The bad news is that this takes time and much damage is done in the process. The real question we should ask is, “How can we accelerate the process?”
Coetzee writes that speaking from the voice of the mythic father has two drawbacks: “The first is that the omnipotence of the Father is tainted by the fallibility of the Leader. The second is that penalties exist that the prudent statesman dare not threaten, punishments that he dare not celebrate, which nevertheless belong to the omnipotent Father.”
In other words, we need to reveal the flawed real man behind the mythic image.
Hannah Arendt wrote: “The chief qualification of a mass leader has become unending infallibility; he can never admit an error.” His followers will only see his errors and faults once they feel them. At some point, hunger penetrates myth.
The family that creates the authoritarian personality is unstable, despite all of its mechanisms of control. While the voice of the domineering mythic father is powerful, the children also resent the father of their memories. Think of how many myths are about the son killing the father. There is also tension among siblings as they fight for recognition and love, which seems limited and always comes with conditions. Think of the many myths about fratricide. The way to fight myth, Coetzee writes, is through counter-myth.
At the end of each post about propaganda, I will outline a range of political rhetoric related to the topic of that post. This should serve as a summary that can be reviewed. I also hope that it will help us to be more aware of how we, as we interact with family and friends, might promote democratic dialogue and resist the slow slip into propaganda and totalitarianism.
Democratic Dialogue: The leader is seen as flawed and is often satirized. The leader is willing to admit making mistakes and even engage in self-parody. The danger here is that the democratic leader, Coetzee writes, may take on “the voice of the doubting self,” which does not have the force to counter the voice of the mythic father.
Propaganda Lite: The leader writes a self-glorifying autobiography before running for office.
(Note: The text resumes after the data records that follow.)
lemma orbit_count_burnside:
  assumes P: "subgroup P S" "finite P" and Q: "subgroup Q S" "finite Q"
  shows "orbit_count P Q * (card P * card Q) = (\<Sum>u\<in>P. \<Sum>v\<in>Q. fix_count u v)"
proof -
  let ?T = "(S \<times>\<times> S)\<lparr>carrier := P \<times> Q\<rparr>"
  interpret T: group_action ?T \<Omega> act_perm
    by (rule group_action_subgroup[OF DirProd_subgroups[OF is_group P(1) is_group Q(1)]])
  have "card (orbits ?T \<Omega> act_perm) * Coset.order ?T = (\<Sum>g\<in>P \<times> Q. card (invariants \<Omega> act_perm g))"
    using T.burnside finite_cartesian_product[OF P(2) Q(2)] finite_biset by simp
  moreover have "orbits ?T \<Omega> act_perm = (\<lambda>x. {act (u, v) x | u v. u \<in> P \<and> v \<in> Q}) ` \<Omega>"
    unfolding orbits_def orbit_def act_perm_def by auto
  moreover have "Coset.order ?T = card P * card Q" by (simp add: Coset.order_def card_cartesian_product)
  moreover have "(\<Sum>g\<in>P \<times> Q. card (invariants \<Omega> act_perm g)) = (\<Sum>g\<in>P \<times> Q. fix_count (fst g) (snd g))"
    unfolding invariants_def fix_count_def act_perm_def by (auto intro!: sum.cong arg_cong[where f = card])
  moreover have "(\<Sum>g\<in>P \<times> Q. fix_count (fst g) (snd g)) = (\<Sum>u\<in>P. \<Sum>v\<in>Q. fix_count u v)"
    by (simp add: sum.cartesian_product case_prod_beta)
  ultimately show ?thesis unfolding biset_orbit_count_def by simp
qed

lemma subgroup_stabilizer_projection:
  assumes P: "subgroup P S" and Q: "subgroup Q S" and w: "w \<in> \<Omega>"
  shows "subgroup {u \<in> P. \<exists>v\<in>Q. act (u, v) w = w} S"
proof (rule subgroupI)
  have PQ: "P \<subseteq> carrier S" "Q \<subseteq> carrier S" using P Q subgroup.subset by auto
  show "{u \<in> P. \<exists>v\<in>Q. act (u, v) w = w} \<subseteq> carrier S" using PQ by auto
  show "{u \<in> P. \<exists>v\<in>Q. act (u, v) w = w} \<noteq> {}"
    using act_one[OF w] subgroup.one_closed[OF P] subgroup.one_closed[OF Q] by auto
  fix a assume "a \<in> {u \<in> P. \<exists>v\<in>Q. act (u, v) w = w}"
  then obtain v where a: "a \<in> P" "v \<in> Q" "act (a, v) w = w" by auto
  then have "act (inv\<^bsub>S\<^esub> a, inv\<^bsub>S\<^esub> v) w = w" using act_inv[of a v w] PQ w by auto
  then show "inv\<^bsub>S\<^esub> a \<in> {u \<in> P. \<exists>v\<in>Q. act (u, v) w = w}"
    using a subgroup.m_inv_closed[OF P] subgroup.m_inv_closed[OF Q] by auto
next
  fix a b assume "a \<in> {u \<in> P. \<exists>v\<in>Q. act (u, v) w = w}" "b \<in> {u \<in> P. \<exists>v\<in>Q. act (u, v) w = w}"
  then obtain v v' where a: "a \<in> P" "v \<in> Q" "act (a, v) w = w"
    and b: "b \<in> P" "v' \<in> Q" "act (b, v') w = w" by auto
  then have "act (a \<otimes>\<^bsub>S\<^esub> b, v \<otimes>\<^bsub>S\<^esub> v') w = w"
    using act_mult[of a v b v' w] w subgroup.mem_carrier[OF P] subgroup.mem_carrier[OF Q] by simp
  then show "a \<otimes>\<^bsub>S\<^esub> b \<in> {u \<in> P. \<exists>v\<in>Q. act (u, v) w = w}"
    using a b subgroup.m_closed[OF P] subgroup.m_closed[OF Q] by auto
qed

definition fixed_by_some :: "'a set \<Rightarrow> 'a \<Rightarrow> 'c set" where
  "fixed_by_some Q x = {w \<in> \<Omega>. \<exists>y\<in>Q. act (x, y) w = w}"

lemma fixed_by_some_generate_eq:
  assumes Q: "subgroup Q S" and x: "x \<in> carrier S" "x' \<in> carrier S"
    and eq: "generate S {x} = generate S {x'}"
  shows "fixed_by_some Q x = fixed_by_some Q x'"
proof -
  have iff: "x \<in> A \<longleftrightarrow> x' \<in> A" if "subgroup A S" for A
    using generate_subgroup_incl[OF _ that] generate.incl[of _ "{x}" S] generate.incl[of _ "{x'}" S]
      eq by auto
  have "(\<exists>y\<in>Q. act (x, y) w = w) \<longleftrightarrow> (\<exists>y\<in>Q. act (x', y) w = w)" if w: "w \<in> \<Omega>" for w
    using iff[OF subgroup_stabilizer_projection[OF subgroup_self Q w]] x by simp
  then show ?thesis unfolding fixed_by_some_def by blast
qed

end

locale characteristic_biset_on = fusion_system_on S F + biset_action S \<Omega> L R
  for S :: "('a, 'b) monoid_scheme" and F \<Omega> L R +
  fixes p :: nat
  assumes prime_p: "prime p" and finite_S: "finite (carrier S)"
    and p_group: "\<exists>n. card (carrier S) = p ^ n"
    and characteristic: "characteristic_biset p S F \<Omega> L R"
begin

lemma finite_subgroup: "subgroup P S \<Longrightarrow> finite P"
  using finite_S subgroup.subset rev_finite_subset by metis

lemma card_subgroup_pos: "subgroup P S \<Longrightarrow> card P > 0"
  using finite_subgroup subgroup.one_closed by (metis card_gt_0_iff empty_iff)

lemma stabilizer_is_graph:
  assumes "w \<in> \<Omega>"
  shows "\<exists>P \<phi>. F P \<phi> \<and> {st \<in> carrier S \<times> carrier S. act st w = w} = {(u, \<phi> u) | u. u \<in> P}"
proof -
  have "biset_generated S F \<Omega> L R" using characteristic unfolding characteristic_biset_def by blast
  then show ?thesis using assms unfolding biset_generated_def by blast
qed

lemma fixing_pair_graph:
  assumes "w \<in> \<Omega>" "x \<in> carrier S" "y \<in> carrier S" "act (x, y) w = w"
  obtains P \<phi> where "F P \<phi>" "x \<in> P" "y = \<phi> x"
    and "\<And>y'. y' \<in> carrier S \<Longrightarrow> act (x, y') w = w \<Longrightarrow> y' = \<phi> x"
proof -
  obtain P \<phi> where \<phi>: "F P \<phi>" and graph: "{st \<in> carrier S \<times> carrier S. act st w = w} = {(u, \<phi> u) | u. u \<in> P}"
    using stabilizer_is_graph[OF assms(1)] by blast
  have on_graph: "x \<in> P \<and> y' = \<phi> x" if "y' \<in> carrier S" "act (x, y') w = w" for y'
  proof -
    have "(x, y') \<in> {(u, \<phi> u) | u. u \<in> P}"
      unfolding graph[symmetric] using assms(2) that by simp
    then show ?thesis by auto
  qed
  show ?thesis
  proof (rule that[OF \<phi>])
    show "x \<in> P" "y = \<phi> x" using on_graph[OF assms(3,4)] by simp_all
    show "\<And>y'. y' \<in> carrier S \<Longrightarrow> act (x, y') w = w \<Longrightarrow> y' = \<phi> x" using on_graph by simp
  qed
qed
The population splits into tribes. The leaders of the other tribes become villains who do not understand the community’s core values.
Propaganda Complete: The mythic father must be perfect. Mistakes or shortcomings are glossed over or blamed on the incompetence of others. As the leader’s performance falls short of the image of the mythic father, the people will lose faith. This may take a long time because the filter of ideology erases most of the leader’s failings.
There is always a tension between the mythic father and his children and even among his children. Coetzee writes, “The father-voice is the voice that breaks the bonds of the enemy band. The strength of the enemy is his bondedness. . . . There is a mythic shape to the encounter, and no doubt the enemy draws sustenance from the knowledge that in the myth the brothers usurp the father’s place.” In the grammar of myth, the usurping sons can be symbolic sons. The group, Elias Canetti says in Crowds and Power, is destroyed from within.
We fight the myth of the father with counter-myth. Coetzee writes, “The blow that wins the war against the tyrant father is not a death-trust but a humiliating blow that renders him sterile (impotence and sterility are mythologically indistinguishable). His kingdom, no longer fertilized, becomes a wasteland.” Counter-myth needs to come from the counter-mob, a pervasive and growing culture of insults against the leader but not his followers.
If followers view the mythic father as infallible, any resistance reveals his limitations and weakness. It breaks the spell. Coetzee writes, “The father cannot become the benign father until the sons have knelt before his wand.” All the sons. In the end, even the mob boss cannot control his own family.